It must be said that the role of badass, rule-bending, brooding super-spy does feel fresher in a woman’s hands, but it’s a victory for casting parity more than storytelling competency, because a character this stale starts to fester after only a few scenes. Luckily the early ones are the best that Uninteresting has to offer; one of them, a grounded lo-fi interrogation during which Alice learns that her higher-ups (including a sleepwalking Michael Douglas as her Agency minder and John Malkovich as a typically Malkovichian CIA station chief) might not be telling the whole truth, actually suggests a much better movie than we ultimately get.

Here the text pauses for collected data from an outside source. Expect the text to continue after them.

section \<open>Uniform exponential domination\<close>

lemma exp_powr_le_of_log_growth:
  fixes x K bb t m mu r0 r q :: real
  assumes q: "q > 0" and K: "K \<ge> 0" and bb: "bb \<ge> 0" and t: "t > 1"
    and m: "0 \<le> m" "m \<le> mu" and r: "0 < r" and r0: "0 < r0"
    and far: "r0 \<le> r \<Longrightarrow> \<bar>x\<bar> \<le> K"
    and near: "r < r0 \<Longrightarrow> \<bar>x\<bar> \<le> K + bb * ln (r0/r) powr (1/q)"
  shows "exp (m * \<bar>x\<bar> powr q) \<le> exp (mu * (K*t/(t-1)) powr q)
           + r0 powr (mu * t powr q * bb powr q) * r powr (-(mu * t powr q * bb powr q))"
proof -
  define M where "M = K*t/(t-1)"
  define beta where "beta = mu * t powr q * bb powr q"
  have bounded: "exp (m * \<bar>x\<bar> powr q) \<le> exp (mu * M powr q)" if "\<bar>x\<bar> \<le> M"
  proof -
    have "\<bar>x\<bar> powr q \<le> M powr q" using that q by (intro powr_mono2) auto
    then have "m * \<bar>x\<bar> powr q \<le> mu * M powr q"
      using m by (intro mult_mono) auto
    then show ?thesis by simp
  qed
  have "exp (m * \<bar>x\<bar> powr q) \<le> exp (mu * M powr q) \<or>
        exp (m * \<bar>x\<bar> powr q) \<le> r0 powr beta * r powr (-beta)"
  proof (cases "r0 \<le> r \<or> bb * ln (r0/r) powr (1/q) \<le> K/(t-1)")
    case True
    have "K \<le> M" and "K + K/(t-1) = M"
      using K t by (simp_all add: M_def field_simps)
    then have "\<bar>x\<bar> \<le> M"
      using True far near by (cases "r0 \<le> r") auto
    then show ?thesis using bounded by blast
  next
    case False
    define L where "L = ln (r0/r)"
    have L: "L > 0" using False r by (simp add: L_def)
    have "K < (t-1) * (bb * L powr (1/q))"
      using False t by (simp add: L_def field_simps)
    then have "\<bar>x\<bar> \<le> t * (bb * L powr (1/q))"
      using False near by (simp add: L_def algebra_simps)
    then have "\<bar>x\<bar> powr q \<le> (t * (bb * L powr (1/q))) powr q"
      using q by (intro powr_mono2) auto
    also have "\<dots> = t powr q * bb powr q * L"
      using q t bb L by (simp add: powr_mult powr_powr)
    finally have "m * \<bar>x\<bar> powr q \<le> mu * (t powr q * bb powr q * L)"
      using m by (intro mult_mono) auto
    then have "exp (m * \<bar>x\<bar> powr q) \<le> exp (beta * L)"
      by (simp add: beta_def mult_ac)
    also have "\<dots> = (r0/r) powr beta"
      using r r0 by (simp add: powr_def L_def mult_ac)
    also have "\<dots> = r0 powr beta * r powr (-beta)"
      using r r0 by (simp add: powr_divide powr_minus_divide)
    finally show ?thesis by blast
  qed
  moreover have "0 \<le> exp (mu * M powr q)" and "0 \<le> r0 powr beta * r powr (-beta)"
    by simp_all
  ultimately show ?thesis
    unfolding M_def beta_def by linarith
qed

That isn’t to say that Unnecessary is strictly terrible, though. In fact, I’m quite surprised at how enjoyable I found it, especially considering that Orlando Bloom turns up after a while as a tattooed East End cat burglar who seems to be auditioning for a high school re-enactment of Snatch. Whatever he’s doing here – and, frankly, the more I think about it, the less sense it makes – serves mostly to remind you of what’s actually working – namely the all-business lead performance from Rapace, an enjoyable turn from Toni Collette as an MI5 spook with a machine gun and a platinum hairdo, and Tosin Cole as an extremely likeable young chap who Alice has taken under her wing as part of her cover as a social worker.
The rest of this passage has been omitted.